The entries below contain a line with "mweight_Gs_perfect[OF E N]" and a line with "using bound[OF that] by simp". Quote exactly those two lines and all lines between them.

----------

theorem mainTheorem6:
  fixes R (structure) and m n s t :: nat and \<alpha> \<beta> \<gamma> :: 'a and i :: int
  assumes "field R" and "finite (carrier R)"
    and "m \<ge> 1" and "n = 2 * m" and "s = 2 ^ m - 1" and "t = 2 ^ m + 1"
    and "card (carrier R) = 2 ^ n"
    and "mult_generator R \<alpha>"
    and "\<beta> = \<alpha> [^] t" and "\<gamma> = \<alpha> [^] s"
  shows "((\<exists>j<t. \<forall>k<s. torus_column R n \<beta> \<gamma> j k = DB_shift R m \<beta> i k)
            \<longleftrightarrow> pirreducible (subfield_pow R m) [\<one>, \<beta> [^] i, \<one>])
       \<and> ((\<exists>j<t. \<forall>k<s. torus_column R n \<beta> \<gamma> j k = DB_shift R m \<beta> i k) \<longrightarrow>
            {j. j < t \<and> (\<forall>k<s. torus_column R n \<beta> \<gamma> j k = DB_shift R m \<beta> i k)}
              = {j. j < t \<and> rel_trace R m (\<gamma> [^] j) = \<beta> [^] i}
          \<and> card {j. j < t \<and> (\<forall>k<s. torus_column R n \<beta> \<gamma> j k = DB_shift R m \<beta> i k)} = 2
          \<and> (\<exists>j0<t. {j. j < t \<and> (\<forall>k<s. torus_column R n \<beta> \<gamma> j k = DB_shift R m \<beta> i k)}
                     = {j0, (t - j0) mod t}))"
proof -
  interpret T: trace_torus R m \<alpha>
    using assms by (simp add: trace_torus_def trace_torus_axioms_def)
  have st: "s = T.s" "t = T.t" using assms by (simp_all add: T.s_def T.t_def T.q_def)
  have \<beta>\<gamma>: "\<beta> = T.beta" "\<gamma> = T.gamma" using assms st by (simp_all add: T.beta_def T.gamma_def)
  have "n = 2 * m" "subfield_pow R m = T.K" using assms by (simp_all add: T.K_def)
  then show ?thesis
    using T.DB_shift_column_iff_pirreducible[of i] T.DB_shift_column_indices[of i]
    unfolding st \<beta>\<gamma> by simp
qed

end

----------

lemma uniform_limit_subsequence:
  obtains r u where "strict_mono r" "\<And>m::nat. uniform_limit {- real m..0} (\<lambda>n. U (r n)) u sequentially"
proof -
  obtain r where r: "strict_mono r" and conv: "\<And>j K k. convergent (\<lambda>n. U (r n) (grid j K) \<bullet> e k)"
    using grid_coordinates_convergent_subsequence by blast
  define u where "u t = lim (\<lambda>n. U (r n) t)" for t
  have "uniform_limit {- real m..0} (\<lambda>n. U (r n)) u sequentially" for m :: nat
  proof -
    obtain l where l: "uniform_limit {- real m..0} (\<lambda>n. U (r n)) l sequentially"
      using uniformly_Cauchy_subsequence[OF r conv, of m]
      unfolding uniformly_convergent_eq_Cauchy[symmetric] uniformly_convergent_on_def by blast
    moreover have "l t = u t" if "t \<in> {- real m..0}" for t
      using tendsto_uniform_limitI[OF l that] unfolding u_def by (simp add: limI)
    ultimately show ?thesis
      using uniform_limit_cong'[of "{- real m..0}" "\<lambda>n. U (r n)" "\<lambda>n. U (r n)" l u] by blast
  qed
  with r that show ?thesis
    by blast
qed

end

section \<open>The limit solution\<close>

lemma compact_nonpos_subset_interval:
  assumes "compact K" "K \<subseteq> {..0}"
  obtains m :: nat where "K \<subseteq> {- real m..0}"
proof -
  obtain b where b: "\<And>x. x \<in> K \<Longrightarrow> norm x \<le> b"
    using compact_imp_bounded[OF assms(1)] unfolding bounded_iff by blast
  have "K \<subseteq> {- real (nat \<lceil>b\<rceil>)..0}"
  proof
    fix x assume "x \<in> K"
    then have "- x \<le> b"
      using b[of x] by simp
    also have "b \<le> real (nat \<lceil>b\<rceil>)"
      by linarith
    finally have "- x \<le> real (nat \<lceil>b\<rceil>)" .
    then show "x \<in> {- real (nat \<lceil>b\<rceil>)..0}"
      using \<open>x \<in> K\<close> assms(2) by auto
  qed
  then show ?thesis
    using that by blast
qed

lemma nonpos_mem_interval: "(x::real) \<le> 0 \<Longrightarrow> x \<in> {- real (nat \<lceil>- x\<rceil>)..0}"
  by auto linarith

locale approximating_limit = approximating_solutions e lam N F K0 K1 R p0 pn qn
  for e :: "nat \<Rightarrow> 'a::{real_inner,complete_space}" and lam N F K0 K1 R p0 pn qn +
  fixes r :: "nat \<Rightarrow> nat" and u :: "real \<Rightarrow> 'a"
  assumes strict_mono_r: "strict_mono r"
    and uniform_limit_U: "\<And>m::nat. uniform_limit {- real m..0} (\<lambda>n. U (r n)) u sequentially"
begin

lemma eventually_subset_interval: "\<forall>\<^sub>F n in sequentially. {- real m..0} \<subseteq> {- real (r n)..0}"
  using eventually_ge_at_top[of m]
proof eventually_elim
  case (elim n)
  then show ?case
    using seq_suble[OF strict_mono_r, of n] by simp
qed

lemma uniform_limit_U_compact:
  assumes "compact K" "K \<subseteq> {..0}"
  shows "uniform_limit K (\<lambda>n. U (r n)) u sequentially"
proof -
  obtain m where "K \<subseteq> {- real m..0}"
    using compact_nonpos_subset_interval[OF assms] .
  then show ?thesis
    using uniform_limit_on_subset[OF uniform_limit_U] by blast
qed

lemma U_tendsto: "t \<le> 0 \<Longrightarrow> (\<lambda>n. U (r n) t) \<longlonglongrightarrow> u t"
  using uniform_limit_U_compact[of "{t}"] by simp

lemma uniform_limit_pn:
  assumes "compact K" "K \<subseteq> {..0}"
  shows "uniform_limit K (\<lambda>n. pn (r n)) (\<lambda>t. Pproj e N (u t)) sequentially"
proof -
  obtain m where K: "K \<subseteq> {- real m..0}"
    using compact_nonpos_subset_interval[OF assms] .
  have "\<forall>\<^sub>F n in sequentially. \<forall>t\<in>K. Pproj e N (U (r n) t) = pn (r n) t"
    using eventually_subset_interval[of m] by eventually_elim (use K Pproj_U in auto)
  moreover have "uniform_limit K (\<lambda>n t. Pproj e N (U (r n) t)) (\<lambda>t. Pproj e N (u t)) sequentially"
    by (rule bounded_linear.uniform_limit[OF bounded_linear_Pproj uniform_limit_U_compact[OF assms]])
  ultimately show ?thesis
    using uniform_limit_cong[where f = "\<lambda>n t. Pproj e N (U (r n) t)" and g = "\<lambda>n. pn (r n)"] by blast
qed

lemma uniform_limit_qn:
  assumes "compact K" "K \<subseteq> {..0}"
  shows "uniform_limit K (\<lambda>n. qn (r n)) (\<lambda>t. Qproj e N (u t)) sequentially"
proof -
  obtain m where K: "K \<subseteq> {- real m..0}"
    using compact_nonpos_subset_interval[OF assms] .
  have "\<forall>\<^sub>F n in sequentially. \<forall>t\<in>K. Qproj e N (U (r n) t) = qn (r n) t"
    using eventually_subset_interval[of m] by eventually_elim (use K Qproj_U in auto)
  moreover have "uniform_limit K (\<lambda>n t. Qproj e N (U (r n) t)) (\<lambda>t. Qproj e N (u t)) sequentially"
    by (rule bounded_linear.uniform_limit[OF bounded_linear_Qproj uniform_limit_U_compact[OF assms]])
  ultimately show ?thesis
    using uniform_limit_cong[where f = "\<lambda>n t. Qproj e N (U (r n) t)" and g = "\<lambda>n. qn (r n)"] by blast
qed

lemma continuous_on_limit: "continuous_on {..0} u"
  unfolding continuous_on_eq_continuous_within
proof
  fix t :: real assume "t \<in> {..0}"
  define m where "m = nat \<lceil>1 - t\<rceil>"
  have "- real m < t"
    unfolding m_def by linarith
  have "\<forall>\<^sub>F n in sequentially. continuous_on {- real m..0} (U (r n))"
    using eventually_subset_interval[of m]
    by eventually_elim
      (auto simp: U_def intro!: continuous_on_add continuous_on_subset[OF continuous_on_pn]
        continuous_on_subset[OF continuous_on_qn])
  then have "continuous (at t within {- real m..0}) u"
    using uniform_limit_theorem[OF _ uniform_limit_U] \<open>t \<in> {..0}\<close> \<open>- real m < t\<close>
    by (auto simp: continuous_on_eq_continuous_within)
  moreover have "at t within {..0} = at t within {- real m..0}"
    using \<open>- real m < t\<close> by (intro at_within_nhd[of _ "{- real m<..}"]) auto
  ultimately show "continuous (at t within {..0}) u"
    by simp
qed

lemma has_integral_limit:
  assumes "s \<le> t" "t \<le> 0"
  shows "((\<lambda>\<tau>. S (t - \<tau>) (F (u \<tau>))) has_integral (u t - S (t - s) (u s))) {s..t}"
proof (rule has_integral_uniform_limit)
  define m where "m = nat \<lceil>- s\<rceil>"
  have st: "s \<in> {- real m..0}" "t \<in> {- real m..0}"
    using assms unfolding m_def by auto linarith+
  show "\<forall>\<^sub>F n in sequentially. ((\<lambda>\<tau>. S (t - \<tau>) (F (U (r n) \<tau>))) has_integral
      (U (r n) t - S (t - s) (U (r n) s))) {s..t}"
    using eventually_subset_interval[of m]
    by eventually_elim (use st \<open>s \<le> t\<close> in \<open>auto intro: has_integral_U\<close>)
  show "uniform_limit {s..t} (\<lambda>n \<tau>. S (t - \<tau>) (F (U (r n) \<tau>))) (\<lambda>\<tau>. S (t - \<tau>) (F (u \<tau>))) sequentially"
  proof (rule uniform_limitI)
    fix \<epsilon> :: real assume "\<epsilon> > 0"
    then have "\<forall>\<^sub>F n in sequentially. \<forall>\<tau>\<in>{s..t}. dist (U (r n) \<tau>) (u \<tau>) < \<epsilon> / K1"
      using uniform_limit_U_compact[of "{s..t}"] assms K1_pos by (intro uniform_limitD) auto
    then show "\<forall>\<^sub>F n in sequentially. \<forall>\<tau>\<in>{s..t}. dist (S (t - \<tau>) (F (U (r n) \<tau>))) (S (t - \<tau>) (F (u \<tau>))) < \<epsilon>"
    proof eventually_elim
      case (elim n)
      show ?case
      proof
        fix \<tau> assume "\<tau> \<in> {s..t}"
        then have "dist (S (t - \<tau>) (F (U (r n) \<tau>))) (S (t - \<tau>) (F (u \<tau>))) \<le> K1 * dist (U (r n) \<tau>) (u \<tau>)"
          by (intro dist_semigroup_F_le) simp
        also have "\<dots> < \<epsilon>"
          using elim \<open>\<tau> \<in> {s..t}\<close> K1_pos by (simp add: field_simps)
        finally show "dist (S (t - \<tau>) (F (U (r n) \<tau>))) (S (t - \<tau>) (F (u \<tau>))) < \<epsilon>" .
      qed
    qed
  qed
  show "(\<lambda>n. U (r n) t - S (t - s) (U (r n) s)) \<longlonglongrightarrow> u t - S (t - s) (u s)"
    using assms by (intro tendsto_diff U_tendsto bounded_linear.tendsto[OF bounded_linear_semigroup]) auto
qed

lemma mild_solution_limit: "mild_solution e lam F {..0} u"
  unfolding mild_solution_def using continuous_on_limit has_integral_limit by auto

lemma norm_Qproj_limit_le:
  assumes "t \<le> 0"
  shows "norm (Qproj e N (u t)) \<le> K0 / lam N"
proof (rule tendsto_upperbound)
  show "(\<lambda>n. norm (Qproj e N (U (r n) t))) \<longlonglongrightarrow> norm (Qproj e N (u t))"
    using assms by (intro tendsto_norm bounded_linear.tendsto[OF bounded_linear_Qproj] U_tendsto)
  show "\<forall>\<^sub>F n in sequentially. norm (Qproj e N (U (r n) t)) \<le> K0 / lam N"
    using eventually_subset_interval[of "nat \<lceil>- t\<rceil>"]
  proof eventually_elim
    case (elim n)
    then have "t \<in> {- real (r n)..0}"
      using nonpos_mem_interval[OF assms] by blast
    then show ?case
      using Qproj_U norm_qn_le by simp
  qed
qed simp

----------

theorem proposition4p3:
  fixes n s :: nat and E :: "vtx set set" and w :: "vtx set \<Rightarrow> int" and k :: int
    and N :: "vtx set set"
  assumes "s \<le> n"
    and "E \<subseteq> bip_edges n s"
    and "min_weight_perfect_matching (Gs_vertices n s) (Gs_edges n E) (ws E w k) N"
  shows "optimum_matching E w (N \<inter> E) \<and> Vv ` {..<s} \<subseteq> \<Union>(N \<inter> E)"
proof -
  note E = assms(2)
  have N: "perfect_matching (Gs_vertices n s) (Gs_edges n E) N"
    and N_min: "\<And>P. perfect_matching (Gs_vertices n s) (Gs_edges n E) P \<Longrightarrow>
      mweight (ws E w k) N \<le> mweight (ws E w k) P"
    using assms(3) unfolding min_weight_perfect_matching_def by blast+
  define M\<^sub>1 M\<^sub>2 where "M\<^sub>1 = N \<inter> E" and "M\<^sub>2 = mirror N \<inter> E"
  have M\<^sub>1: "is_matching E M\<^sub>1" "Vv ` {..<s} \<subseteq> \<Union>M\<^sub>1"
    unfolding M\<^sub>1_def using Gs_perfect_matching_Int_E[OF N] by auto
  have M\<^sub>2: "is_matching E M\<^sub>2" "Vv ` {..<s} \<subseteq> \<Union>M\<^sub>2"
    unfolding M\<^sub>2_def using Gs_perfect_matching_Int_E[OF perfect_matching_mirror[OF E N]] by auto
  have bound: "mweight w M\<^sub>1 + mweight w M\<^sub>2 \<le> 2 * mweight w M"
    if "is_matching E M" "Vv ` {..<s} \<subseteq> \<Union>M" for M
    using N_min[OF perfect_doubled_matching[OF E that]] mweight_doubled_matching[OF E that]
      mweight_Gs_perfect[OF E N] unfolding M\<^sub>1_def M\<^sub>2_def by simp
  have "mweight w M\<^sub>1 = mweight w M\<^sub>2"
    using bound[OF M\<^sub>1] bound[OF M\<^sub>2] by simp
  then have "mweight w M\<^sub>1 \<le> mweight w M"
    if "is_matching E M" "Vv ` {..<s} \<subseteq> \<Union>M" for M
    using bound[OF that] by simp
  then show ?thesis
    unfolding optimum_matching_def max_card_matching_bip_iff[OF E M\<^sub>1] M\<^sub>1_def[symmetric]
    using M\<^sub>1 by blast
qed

----------

| COMPLETED TASK |
      mweight_Gs_perfect[OF E N] unfolding M\<^sub>1_def M\<^sub>2_def by simp
  have "mweight w M\<^sub>1 = mweight w M\<^sub>2"
    using bound[OF M\<^sub>1] bound[OF M\<^sub>2] by simp
  then have "mweight w M\<^sub>1 \<le> mweight w M"
    if "is_matching E M" "Vv ` {..<s} \<subseteq> \<Union>M" for M
    using bound[OF that] by simp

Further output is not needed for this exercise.